Unnamed: 0,VendorID,passenger_count,trip_distance,RatecodeID,PULocationID,DOLocationID,payment_type,fare_amount,extra,mta_tax,tip_amount,tolls_amount,improvement_surcharge,total_amount
count,22699.0,22699.0,22699.0,22699.0,22699.0,22699.0,22699.0,22699.0,22699.0,22699.0,22699.0,22699.0,22699.0,22699.0
mean,1.556236,1.642319,2.913313,1.043394,162.412353,161.527997,1.336887,13.026629,0.333275,0.497445,1.835781,0.312542,0.299551,16.310502
std,0.496838,1.285231,3.653171,0.708391,66.633373,70.139691,0.496211,13.243791,0.463097,0.039465,2.800626,1.399212,0.015673,16.097295
min,1.0,0.0,0.0,1.0,1.0,1.0,1.0,-120.0,-1.0,-0.5,0.0,0.0,-0.3,-120.3
25%,1.0,1.0,0.99,1.0,114.0,112.0,1.0,6.5,0.0,0.5,0.0,0.0,0.3,8.75
50%,2.0,1.0,1.61,1.0,162.0,162.0,1.0,9.5,0.0,0.5,1.35,0.0,0.3,11.8
75%,2.0,2.0,3.06,1.0,233.0,233.0,2.0,14.5,0.5,0.5,2.45,0.0,0.3,17.8
max,2.0,6.0,33.96,99.0,265.0,265.0,4.0,999.99,4.5,0.5,200.0,19.1,0.3,1200.29


In [5]:
#Average fare amount for each payment type
df.groupby(['payment_type']).agg({'fare_amount':'mean'})

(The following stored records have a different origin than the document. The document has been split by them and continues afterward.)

lemma pd_kernel_quadratic_form_4:
  assumes "pd_kernel k"
  shows "0 \<le> c1*c1*k x1 x1 + c1*c2*k x1 x2 + c1*c3*k x1 x3 + c1*c4*k x1 x4
           + c2*c1*k x2 x1 + c2*c2*k x2 x2 + c2*c3*k x2 x3 + c2*c4*k x2 x4
           + c3*c1*k x3 x1 + c3*c2*k x3 x2 + c3*c3*k x3 x3 + c3*c4*k x3 x4
           + c4*c1*k x4 x1 + c4*c2*k x4 x2 + c4*c3*k x4 x3 + c4*c4*k x4 x4"
proof -
  let ?xs = "[x1, x2, x3, x4]" and ?c = "(!) [c1, c2, c3, c4]"
  have "0 \<le> (\<Sum>i<length ?xs. \<Sum>j<length ?xs. ?c i * ?c j * k (?xs ! i) (?xs ! j))"
    using assms unfolding pd_kernel_def by blast
  then show ?thesis
    by (simp add: numeral_eq_Suc algebra_simps)
qed

lemma abs_pd_kernel_le:
  assumes "pd_kernel k" "\<forall>x. k x x \<le> \<nu>"
  shows "\<bar>k x y\<bar> \<le> \<nu>"
proof -
  have "0 \<le> k x x + k y y + 2 * k x y" "0 \<le> k x x + k y y - 2 * k x y"
    using pd_kernel_quadratic_form_4[OF assms(1), of 1 x 1 y 0 x 0 x]
      pd_kernel_quadratic_form_4[OF assms(1), of 1 x "-1" y 0 x 0 x]
      pd_kernel_sym[OF assms(1), of y x]
    by simp_all
  then show ?thesis
    using assms(2) by (smt (verit))
qed

definition kernel_cross_diff :: "('a \<Rightarrow> 'a \<Rightarrow> real) \<Rightarrow> 'a \<Rightarrow> 'a \<Rightarrow> 'a \<Rightarrow> 'a \<Rightarrow> real" where
  "kernel_cross_diff k a b c d = k a c - k a d - k b c + k b d"

lemma abs_kernel_cross_diff_le:
  assumes "pd_kernel k" "\<forall>x. k x x \<le> \<nu>"
  shows "\<bar>kernel_cross_diff k a b c d\<bar> \<le> 4 * \<nu>"
proof -
  have sym: "\<And>x y. k y x = k x y"
    using pd_kernel_sym[OF assms(1)] by blast
  let ?q = "k a a + k b b + k c c + k d d - 2 * k a b - 2 * k c d"
  have "0 \<le> ?q + 2 * kernel_cross_diff k a b c d" "0 \<le> ?q - 2 * kernel_cross_diff k a b c d"
    using pd_kernel_quadratic_form_4[OF assms(1), of 1 a "-1" b 1 c "-1" d]
      pd_kernel_quadratic_form_4[OF assms(1), of 1 a "-1" b "-1" c 1 d]
    unfolding kernel_cross_diff_def by (simp_all add: sym algebra_simps)
  moreover have "\<bar>k a b\<bar> \<le> \<nu>" "\<bar>k c d\<bar> \<le> \<nu>"
    using abs_pd_kernel_le[OF assms] by auto
  ultimately show ?thesis
    using assms(2) by (smt (verit))
qed

lemma abs_pairing_sum_le:
  fixes x1 x3 y1 y3 a b :: real
  assumes "\<bar>x1\<bar> \<le> a" "\<bar>x3\<bar> \<le> a" "\<bar>x1 + x3\<bar> \<le> a" "\<bar>y1\<bar> \<le> b" "\<bar>y3\<bar> \<le> b" "\<bar>y1 + y3\<bar> \<le> b"
  shows "\<bar>x1 * y1 + (x1 + x3) * (y1 + y3) + x3 * y3\<bar> \<le> 2 * a * b"
proof -
  have "\<bar>x1 * y1 + (x1 + x3) * (y1 + y3) + x3 * y3\<bar>
      \<le> \<bar>x1\<bar> * \<bar>y1\<bar> + \<bar>x1 + x3\<bar> * \<bar>y1 + y3\<bar> + \<bar>x3\<bar> * \<bar>y3\<bar>"
    by (simp add: abs_mult[symmetric] abs_triangle_ineq order_trans[OF abs_triangle_ineq add_right_mono])
  also have "\<dots> \<le> (\<bar>x1\<bar> + \<bar>x1 + x3\<bar> + \<bar>x3\<bar>) * b"
    using assms(4-6) by (simp add: distrib_right mult_left_mono add_mono)
  also have "\<dots> \<le> 2 * a * b"
    using assms by (intro mult_right_mono) linarith+
  finally show ?thesis .
qed

definition hsic_core :: "('x \<Rightarrow> 'x \<Rightarrow> real) \<Rightarrow> ('y \<Rightarrow> 'y \<Rightarrow> real)
     \<Rightarrow> 'x \<times> 'y \<Rightarrow> 'x \<times> 'y \<Rightarrow> 'x \<times> 'y \<Rightarrow> 'x \<times> 'y \<Rightarrow> real" where
  "hsic_core k l u0 u1 u2 u3 = (1/12) *
     (kernel_cross_diff k (fst u0) (fst u1) (fst u2) (fst u3) * kernel_cross_diff l (snd u0) (snd u1) (snd u2) (snd u3)
    + kernel_cross_diff k (fst u0) (fst u2) (fst u1) (fst u3) * kernel_cross_diff l (snd u0) (snd u2) (snd u1) (snd u3)
    + kernel_cross_diff k (fst u0) (fst u3) (fst u1) (fst u2) * kernel_cross_diff l (snd u0) (snd u3) (snd u1) (snd u2))"
(* Let $N\ge3$, suppose $\boldsymbol{\mathfrak h}\notin\mathrm{col}(C)$, let $\mathbf p=\mathrm{proj}_{\ker(C)}\boldsymbol{\mathfrak h}$ (orthogonal projection), $\gamma_{\max}=\|\mathbf p\|_\infty^{-1}$, and let $\gamma\in\mathbb{R}$ with $0<|\gamma|\le\gamma_{\max}$. Set $\tilde{\boldsymbol{\mathfrak b}}=\gamma\mathbf p$ and $\boldsymbol\theta=\tfrac12\arccos\tilde{\boldsymbol{\mathfrak b}}$ (entrywise). Then the dephasing code associated with $\boldsymbol\theta$ satisfies $PSP\in\mathbb{R}P$ for all $S\in\mathfrak{S}$, and $PHP=\tfrac{\gamma}{2}\|\mathbf p\|_2^2\,Z_L\not\propto P$. Moreover, if $\ker(C)$ is one-dimensional and $\gamma=\gamma_{\max}$, then $\tilde{\boldsymbol{\mathfrak b}}$ is an optimal solution of the problem: maximize $\boldsymbol{\mathfrak b}\cdot\boldsymbol{\mathfrak h}$ subject to $\|\boldsymbol{\mathfrak b}\|_\infty\le1$, $\boldsymbol{\mathfrak b}\perp\mathrm{col}(C)$.
   Context: Qubits $1,\dots,N$; $Z_j$, $X_j$ denote the Pauli $Z$, $X$ operators on qubit $j$ of $(\mathbb{C}^2)^{\otimes N}$. For $\mathbf v\in\mathbb{R}^N$, $\mathbf v\cdot\mathbf Z:=\sum_j v_jZ_j$. Dephasing model: $\boldsymbol{\mathfrak h}\in\mathbb{R}^N$, $H=\tfrac12\boldsymbol{\mathfrak h}\cdot\mathbf Z$; $C$ is a real symmetric positive semidefinite $N\times N$ matrix with orthonormal eigenvectors $\mathbf v_1,\dots,\mathbf v_N$ and eigenvalues $\lambda_1,\dots,\lambda_N\ge0$; $L_j=\sqrt{\lambda_j}\,\mathbf v_j\cdot\mathbf Z$; $\mathrm{col}(C),\ker(C)$ are column space and kernel of $C$; the Lindblad span $\mathfrak{S}$ is the real span of $I$, all $L_i$ and all $L_iL_j$. Dephasing code for $\boldsymbol\theta\in\mathbb{R}^N$: $|0_L\rangle=\bigotimes_{j=1}^N(\cos\theta_j|0\rangle+i\sin\theta_j|1\rangle)$, $|1_L\rangle=X^{\otimes N}|0_L\rangle$, $P=|0_L\rangle\langle0_L|+|1_L\rangle\langle1_L|$, $Z_L=|0_L\rangle\langle0_L|-|1_L\rangle\langle1_L|$. *)

theory Defs
  imports "Jordan_Normal_Form.Matrix_Kernel"
begin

Unnamed: 0_level_0,fare_amount
payment_type,Unnamed: 1_level_1
1,13.429748
2,12.213546
3,12.186116
4,9.913043


Based on the averages shown, it appears that customers who pay in credit card tend to pay a larger fare amount than customers who pay in cash. However, this difference might arise from random sampling, rather than being a true difference in fare amount. To assess whether the difference is statistically significant, we conduct a hypothesis test.

$Step 1$: Defining Null Hypothesis(H0) and Alternative Hypothesis(HA):

H0 - There is no difference in the average fare amount between the customers who use credit cards and cutomers who use cash.

HA - There is a difference in the average fare amount between the customers who use credit cards and cutomers who use cash.


$Step2$: Choose a Significance Level:

Significance Level = 5%

$Step3$: Finding the P-Value:

In [6]:
cc_df = df[df['payment_type'] == 1]

cash_df = df[df['payment_type'] == 2]

#significance level:
sl = 0.05

#calculating the p-value
p_value = stats.ttest_ind(a = cc_df['fare_amount'], b = cash_df['fare_amount'], equal_var=False)

print("P-Value:", p_value[1])

print('P-Value < Significance Level:', (p_value[1] <sl))

P-Value: 6.797387473030518e-12
P-Value < Significance Level: True


$Step4:$ Reject or Fail to Reject Null Hypothesis

Since P-Value is less than company's significance level, we can reject the null hypothesis. That means, there is a difference in the average fare amount between customers who use credit cards and customers who use cash.

NOTE:

This project requires an assumption that passengers were forced to pay one way or the other, and that once informed of this requirement, they always complied with it. The data was not collected this way; so, an assumption had to be made to randomly group data entries to perform an A/B test. This dataset does not account for other likely explanations. For example, riders might not carry lots of cash, so it's easier to pay for longer/farther trips with a credit card. In other words, it's far more likely that fare amount determines payment type, rather than vice versa.